Грибовский очень ловко и учтиво стал расспрашивать, кто она, кто был ее муж, давно ли она в Петербурге и какие имеет связи. О Литте он не спросил ни слова.
IX. Одиночество
Графиня Скавронская после своей встречи с Литтой на станции не долго прожила в Старове. Она захворала там и, боясь разболеться совсем, вернулась по настоянию няни снова в Петербург, не дожидаясь отпуска своего в Москву. Однако остановилась она теперь не у сестры, но поселилась в собственном своем, отделанном заново, доме на Миллионной.
Графиня Браницкая навещала сестру, думая сначала, что та лишь сказывается больною; но вскоре стала замечать, что ее Катя действительно худеет с каждым днем. Румянец сбежал с ее щек, глаза ввалились, руки сделались совсем прозрачными. Она потеряла сон и постоянно жаловалась на головную боль.
Однако, несмотря на изменения, которые произвел в ней недуг, Екатерина Васильевна все же была красива по-прежнему. Казалось, она не могла подурнеть. Но ко всему окружающему она относилась вполне безучастно. Ее звали прокатиться – она отказывалась. Ей предлагали пройтись по Царицыну лугу, расположенному в двух шагах от нее и покрытому чудесным цветником, дорожками, перерезанному ручейками и застроенному беседками, – она не хотела идти.

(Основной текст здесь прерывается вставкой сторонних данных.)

(* Let $S\in\{0,1\}$ be an endogenous binary selection indicator (with $S=1$ meaning the unit is included and its label $Y$ observed), let $Z\subseteq V$ be a set of endogenous variables, and let $(d,\theta)$, $(d',\theta')$ be values of the inputs. Suppose $Y\perp\!\!\!\perp\{D,\Theta,S\}\mid X,Z$ and $\mathbb{P}(X,Z\mid\mathrm{do}(D=d,\Theta=\theta))\ll\mathbb{P}(X,Z\mid S=1,\mathrm{do}(D=d',\Theta=\theta'))$. Then $\mathbb{E}[Y\mid X,\mathrm{do}(D=d,\Theta=\theta)]$ is identifiable in $\mathcal{M}$ from $\{\mathbb{P}(X,Y,Z\mid S=1,\mathrm{do}(D=d',\Theta=\theta')),\ \mathbb{P}(X,Z\mid\mathrm{do}(D=d,\Theta=\theta))\}$, and $$\mathbb{E}[Y\mid X,\mathrm{do}(D=d,\Theta=\theta)]=\mathbb{E}\big[\mathbb{E}[Y\mid X,Z,S=1]\,\big|\,X,\mathrm{do}(D=d,\Theta=\theta)\big]$$ holds $\mathbb{P}(X\mid\mathrm{do}(D=d,\Theta=\theta))$-almost everywhere.
   Context: Setting: all variables take values in subsets of Euclidean spaces with Borel $\sigma$-algebras. Variables: features $X$, target $Y$ (real-valued), prediction $\hat{Y}$, and two input (non-random, externally set) variables: a domain indicator $D\in\{0,1\}$ (deployment of a decision support system) and parameters $\Theta$. A structural causal model (SCM) with input variables $\{D,\Theta\}$ induces, for every value $(d,\theta)$, a distribution $\mathbb{P}(\cdot\mid\mathrm{do}(D=d,\Theta=\theta))$ on the endogenous variables (push-forward of independent exogenous distributions through the structural equations). The class $\mathcal{M}$: the set of SCMs with endogenous variables $V\supseteq\{X,\hat{Y},Y\}$, input variables $\{D,\Theta\}$, and graph $G$ such that the parents of $\hat{Y}$ are exactly $\{X,\Theta\}$, the children of $D$ equal the children of $\hat{Y}$, and the latent projection of $G$ onto $\{X,\hat{Y},Y,D,\Theta\}$ is a subgraph of the acyclic directed mixed graph with edges $X\to\hat{Y}$, $\Theta\to\hat{Y}$, $X\to Y$, $\hat{Y}\to Y$, $D\to Y$, $X\leftrightarrow Y$. Identifiability: a target quantity $t(M)$ is identifiable in $\mathcal{M}$ from a set $s(M)$ of distributions induced by $M$ if $s(M_1)=s(M_2)\implies t(M_1)=t(M_2)$ for all $M_1,M_2\in\mathcal{M}$. The conditional independence $Y\perp\!\!\!\perp\{D,\Theta,S\}\mid X,Z$ is meant in the transitional sense (implied by d-separation in the graph). $\ll$ denotes absolute continuity. *)

theory Defs
  imports "HOL-Probability.Probability"
begin

text \<open>Every variable takes values in (a subset of) some R^k. To have a single type for
all variables, R^k is embedded into real sequences (nat => real) as the sequences
vanishing from index k on; the product sigma-algebra on nat => real induces the Borel
sigma-algebra of R^k on that copy.\<close>

type_synonym vec = "nat \<Rightarrow> real"

definition vspace :: "vec measure" where
  "vspace = PiM UNIV (\<lambda>_. (borel :: real measure))"

definition euc :: "nat \<Rightarrow> vec set" where
  "euc k = {u. \<forall>i\<ge>k. u i = 0}"

definition enc :: "real \<Rightarrow> vec" where
  "enc r = (\<lambda>i. if i = 0 then r else 0)"

datatype inp = InD | InTh

datatype 'v node = Endo 'v | Inp inp | Exo nat

record 'v scm =
  endo :: "'v set"
  exo  :: "nat set"
  dimv :: "'v \<Rightarrow> nat"
  pa   :: "'v \<Rightarrow> 'v node set"
  fn   :: "'v \<Rightarrow> ('v node \<Rightarrow> vec) \<Rightarrow> vec"
  pexo :: "nat \<Rightarrow> vec measure"

definition edges :: "'v scm \<Rightarrow> ('v node \<times> 'v node) set" where
  "edges M = {(p, Endo v) | p v. v \<in> endo M \<and> p \<in> pa M v}"

definition wf_scm :: "'v scm \<Rightarrow> bool" where
  "wf_scm M \<longleftrightarrow>
     finite (endo M) \<and> finite (exo M) \<and>
     (\<forall>v\<in>endo M. pa M v \<subseteq> Endo ` endo M \<union> range Inp \<union> Exo ` exo M) \<and>
     acyclic (edges M) \<and>
     (\<forall>v\<in>endo M. fn M v \<in> measurable (PiM (pa M v) (\<lambda>_. vspace)) vspace) \<and>
     (\<forall>v\<in>endo M. \<forall>a. fn M v a = fn M v (restrict a (pa M v))) \<and>
     (\<forall>v\<in>endo M. \<forall>a. fn M v a \<in> euc (dimv M v)) \<and>
     (\<forall>e\<in>exo M. prob_space (pexo M e) \<and> sets (pexo M e) = sets vspace \<and>
                 (\<exists>k. emeasure (pexo M e) (euc k) = 1))"

definition asg :: "real \<Rightarrow> vec \<Rightarrow> (nat \<Rightarrow> vec) \<Rightarrow> ('v \<Rightarrow> vec) \<Rightarrow> 'v node \<Rightarrow> vec" where
  "asg d th u s n = (case n of Endo v \<Rightarrow> s v | Inp InD \<Rightarrow> enc d | Inp InTh \<Rightarrow> th | Exo e \<Rightarrow> u e)"

text \<open>The (unique, by acyclicity) solution of the structural equations.\<close>
definition sol :: "'v scm \<Rightarrow> real \<Rightarrow> vec \<Rightarrow> (nat \<Rightarrow> vec) \<Rightarrow> 'v \<Rightarrow> vec" where
  "sol M d th u = (THE s. s \<in> extensional (endo M) \<and>
                          (\<forall>v\<in>endo M. s v = fn M v (asg d th u s)))"

text \<open>P( . | do(D=d, Theta=th)): push-forward of the independent exogenous
distributions through the structural equations.\<close>
definition Pdo :: "'v scm \<Rightarrow> real \<Rightarrow> vec \<Rightarrow> ('v \<Rightarrow> vec) measure" where
  "Pdo M d th = distr (PiM (exo M) (pexo M)) (PiM (endo M) (\<lambda>_. vspace)) (sol M d th)"

definition Psel :: "'v scm \<Rightarrow> 'v \<Rightarrow> real \<Rightarrow> vec \<Rightarrow> ('v \<Rightarrow> vec) measure" where
  "Psel M S d th = uniform_measure (Pdo M d th) {\<omega> \<in> space (Pdo M d th). \<omega> S = enc 1}"

text \<open>Directed paths of length >= 1 all of whose intermediate nodes lie in L.\<close>
definition via :: "('a \<times> 'a) set \<Rightarrow> 'a set \<Rightarrow> ('a \<times> 'a) set" where
  "via E L = {(x, y). (x, y) \<in> E \<and> y \<in> L}\<^sup>* O E"

definition obsnodes :: "'v \<Rightarrow> 'v \<Rightarrow> 'v \<Rightarrow> 'v node set" where
  "obsnodes X Yh Y = {Endo X, Endo Yh, Endo Y, Inp InD, Inp InTh}"

text \<open>Latent projection onto O (all other nodes, endogenous and exogenous, latent).\<close>
definition proj_dir :: "'v scm \<Rightarrow> 'v node set \<Rightarrow> 'v node \<Rightarrow> 'v node \<Rightarrow> bool" where
  "proj_dir M Ob a b \<longleftrightarrow> a \<in> Ob \<and> b \<in> Ob \<and> (a, b) \<in> via (edges M) (- Ob)"

definition proj_bidir :: "'v scm \<Rightarrow> 'v node set \<Rightarrow> 'v node \<Rightarrow> 'v node \<Rightarrow> bool" where
  "proj_bidir M Ob a b \<longleftrightarrow> a \<in> Ob \<and> b \<in> Ob \<and> a \<noteq> b \<and>
     (\<exists>c. c \<notin> Ob \<and> (c, a) \<in> via (edges M) (- Ob) \<and> (c, b) \<in> via (edges M) (- Ob))"

definition in_class :: "'v \<Rightarrow> 'v \<Rightarrow> 'v \<Rightarrow> 'v scm \<Rightarrow> bool" where
  "in_class X Yh Y M \<longleftrightarrow>
     wf_scm M \<and> X \<in> endo M \<and> Yh \<in> endo M \<and> Y \<in> endo M \<and>
     X \<noteq> Yh \<and> X \<noteq> Y \<and> Yh \<noteq> Y \<and> dimv M Y = 1 \<and>
     pa M Yh - range Exo = {Endo X, Inp InTh} \<and>
     {v \<in> endo M. Inp InD \<in> pa M v} = {v \<in> endo M. Endo Yh \<in> pa M v} \<and>
     (\<forall>a b. proj_dir M (obsnodes X Yh Y) a b \<longrightarrow>
        (a, b) \<in> {(Endo X, Endo Yh), (Inp InTh, Endo Yh), (Endo X, Endo Y),
                  (Endo Yh, Endo Y), (Inp InD, Endo Y)}) \<and>
     (\<forall>a b. proj_bidir M (obsnodes X Yh Y) a b \<longrightarrow> {a, b} = {Endo X, Endo Y})"

definition sel_setup :: "'v \<Rightarrow> 'v set \<Rightarrow> 'v scm \<Rightarrow> bool" where
  "sel_setup S Z M \<longleftrightarrow> S \<in> endo M \<and> Z \<subseteq> endo M \<and>
     (\<forall>a. fn M S a \<in> {enc 0, enc 1})"

definition XZspace :: "'v set \<Rightarrow> (vec \<times> ('v \<Rightarrow> vec)) measure" where
  "XZspace Z = vspace \<Otimes>\<^sub>M PiM Z (\<lambda>_. vspace)"

definition XZSspace :: "'v set \<Rightarrow> (vec \<times> ('v \<Rightarrow> vec) \<times> vec) measure" where
  "XZSspace Z = vspace \<Otimes>\<^sub>M (PiM Z (\<lambda>_. vspace) \<Otimes>\<^sub>M vspace)"

definition XYZspace :: "'v set \<Rightarrow> (vec \<times> real \<times> ('v \<Rightarrow> vec)) measure" where
  "XYZspace Z = vspace \<Otimes>\<^sub>M (borel \<Otimes>\<^sub>M PiM Z (\<lambda>_. vspace))"

text \<open>There is a Markov kernel Q(Y | X, Z) such that for all input values
P(Y, X, Z, S | do(d, th)) = Q(Y | X, Z) (x) P(X, Z, S | do(d, th)).\<close>
definition trans_ci :: "'v scm \<Rightarrow> vec set \<Rightarrow> 'v \<Rightarrow> 'v \<Rightarrow> 'v \<Rightarrow> 'v set \<Rightarrow> bool" where
  "trans_ci M Th X Y S Z \<longleftrightarrow>
     (\<exists>Q. Q \<in> measurable (XZspace Z) (prob_algebra (borel :: real measure)) \<and>
       (\<forall>d\<in>{0, 1}. \<forall>th\<in>Th. \<forall>A\<in>sets borel. \<forall>B\<in>sets (XZSspace Z).
          emeasure (Pdo M d th)
            {\<omega> \<in> space (Pdo M d th). \<omega> Y 0 \<in> A \<and> (\<omega> X, restrict \<omega> Z, \<omega> S) \<in> B}
          = (\<integral>\<^sup>+ \<omega>. indicator B (\<omega> X, restrict \<omega> Z, \<omega> S) *
                     emeasure (Q (\<omega> X, restrict \<omega> Z)) A \<partial>Pdo M d th)))"

text \<open>h is a version of E[Yf | W] under P (h as a function of the value of W).\<close>
definition is_cexp :: "'a measure \<Rightarrow> ('a \<Rightarrow> 'b) \<Rightarrow> 'b measure \<Rightarrow> ('a \<Rightarrow> real) \<Rightarrow> ('b \<Rightarrow> real) \<Rightarrow> bool" where
  "is_cexp P W N Yf h \<longleftrightarrow>
     W \<in> measurable P N \<and> h \<in> borel_measurable N \<and>
     integrable P Yf \<and> integrable P (\<lambda>\<omega>. h (W \<omega>)) \<and>
     (\<forall>A\<in>sets N. set_lebesgue_integral P (W -` A \<inter> space P) Yf
                 = set_lebesgue_integral P (W -` A \<inter> space P) (\<lambda>\<omega>. h (W \<omega>)))"

definition hyps :: "vec set \<Rightarrow> 'v \<Rightarrow> 'v \<Rightarrow> 'v \<Rightarrow> 'v \<Rightarrow> 'v set \<Rightarrow>
                    real \<Rightarrow> vec \<Rightarrow> real \<Rightarrow> vec \<Rightarrow> 'v scm \<Rightarrow> bool" where
  "hyps Th X Yh Y S Z d th d' th' M \<longleftrightarrow>
     in_class X Yh Y M \<and> sel_setup S Z M \<and> trans_ci M Th X Y S Z \<and>
     absolutely_continuous
       (distr (Psel M S d' th') (XZspace Z) (\<lambda>\<omega>. (\<omega> X, restrict \<omega> Z)))
       (distr (Pdo M d th) (XZspace Z) (\<lambda>\<omega>. (\<omega> X, restrict \<omega> Z)))"

definition obs :: "'v \<Rightarrow> 'v \<Rightarrow> 'v \<Rightarrow> 'v set \<Rightarrow> real \<Rightarrow> vec \<Rightarrow> real \<Rightarrow> vec \<Rightarrow> 'v scm \<Rightarrow>
     (vec \<times> real \<times> ('v \<Rightarrow> vec)) measure \<times> (vec \<times> ('v \<Rightarrow> vec)) measure" where
  "obs X Y S Z d th d' th' M =
     (distr (Psel M S d' th') (XYZspace Z) (\<lambda>\<omega>. (\<omega> X, \<omega> Y 0, restrict \<omega> Z)),
      distr (Pdo M d th) (XZspace Z) (\<lambda>\<omega>. (\<omega> X, restrict \<omega> Z)))"

end

theory Submission
  imports Defs
begin

text \<open>The transitional independence of Y from (D, Theta, S) given (X, Z) provides one Markov
kernel Q(Y | X, Z) serving every regime, both interventional and selected. Its mean m(x, z) is a
version of E[Y | X, Z] under the selected regime, so it coincides with the observed regression
E[Y | X, Z, S = 1] almost everywhere w.r.t. the selected law of (X, Z); absolute continuity carries
this to the interventional law of (X, Z). Since m is also a version of E[Y | X, Z] under
do(D = d, Theta = theta), the tower property gives the adjustment formula. For identifiability,
two models with the same observed laws have kernels whose means agree almost everywhere (both
are determined by the common law of (X, Y, Z) given S = 1), hence the same integrals of Y over
the events {X in A}.\<close>

definition is_cond_distr ::
    "'a measure \<Rightarrow> 'b measure \<Rightarrow> ('a \<Rightarrow> 'b) \<Rightarrow> ('a \<Rightarrow> real) \<Rightarrow> ('b \<Rightarrow> real measure) \<Rightarrow> bool" where
  "is_cond_distr P N W V Q \<longleftrightarrow> Q \<in> measurable N (subprob_algebra borel) \<and>
     (\<forall>A\<in>sets borel. \<forall>B\<in>sets N.
        emeasure P {\<omega>\<in>space P. V \<omega> \<in> A \<and> W \<omega> \<in> B}
        = (\<integral>\<^sup>+\<omega>. indicator B (W \<omega>) * emeasure (Q (W \<omega>)) A \<partial>P))"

Придворный врач Роджерсон бывал у Скавронской, осматривал ее, качал головою и давал ей лекарства, но она не принимала их.
Няня предложила ей съездить к Сергию в монастырь, Екатерина Васильевна с радостью согласилась.
Весна, мокрая, грязная, болезненная и вялая в Петербурге, но теплая, легкая и прекрасная за городом, вступала уже в свои права. За городом было хорошо, дышалось легко смолистым ароматом распускавшейся зелени, воздух был чист. Прилетевшие птицы начинали свое чириканье, и солнце грело, сгоняя снег водяными ручьями.
– Нет, – сказала Скавронская сидевшей с ней в карете рядом старушке, – и как это вдруг всегда бывает: то зима, кажется, век не кончится, то заблещет солнце, и она пропадет, словно по волшебству – и не успеешь оглянуться, как уже теплое лето, да будто оно и всегда было, а о зиме уже и памяти нет.
– Так-то все, мой друг, так, и горе наше людское – пройдет и кажется, будто и не было его… все так-то! – вздохнула няня.
Скавронская задумалась. О, если бы няня была права! Если б она могла забыть свое горе, могла хоть надеяться!.. Но она знала, что «ее зима», ее несчастие не пройдет и для нее не может выглянуть солнце и согреть ее жизнь.
Однако эта поездка все-таки освежила молодую женщину. Вернувшись, она в первый раз поела как следует и проспала ночь спокойно, так что приехавший на другой день Роджерсон остался ею очень доволен и велел продолжать последние порошки, которые он прописал и которые, по его мнению, сильно помогли больной.
Среди этого однообразия, тоски, одиночества и скуки, на которые обрекла себя Скавронская, вдруг ворвался к ней Мельцони.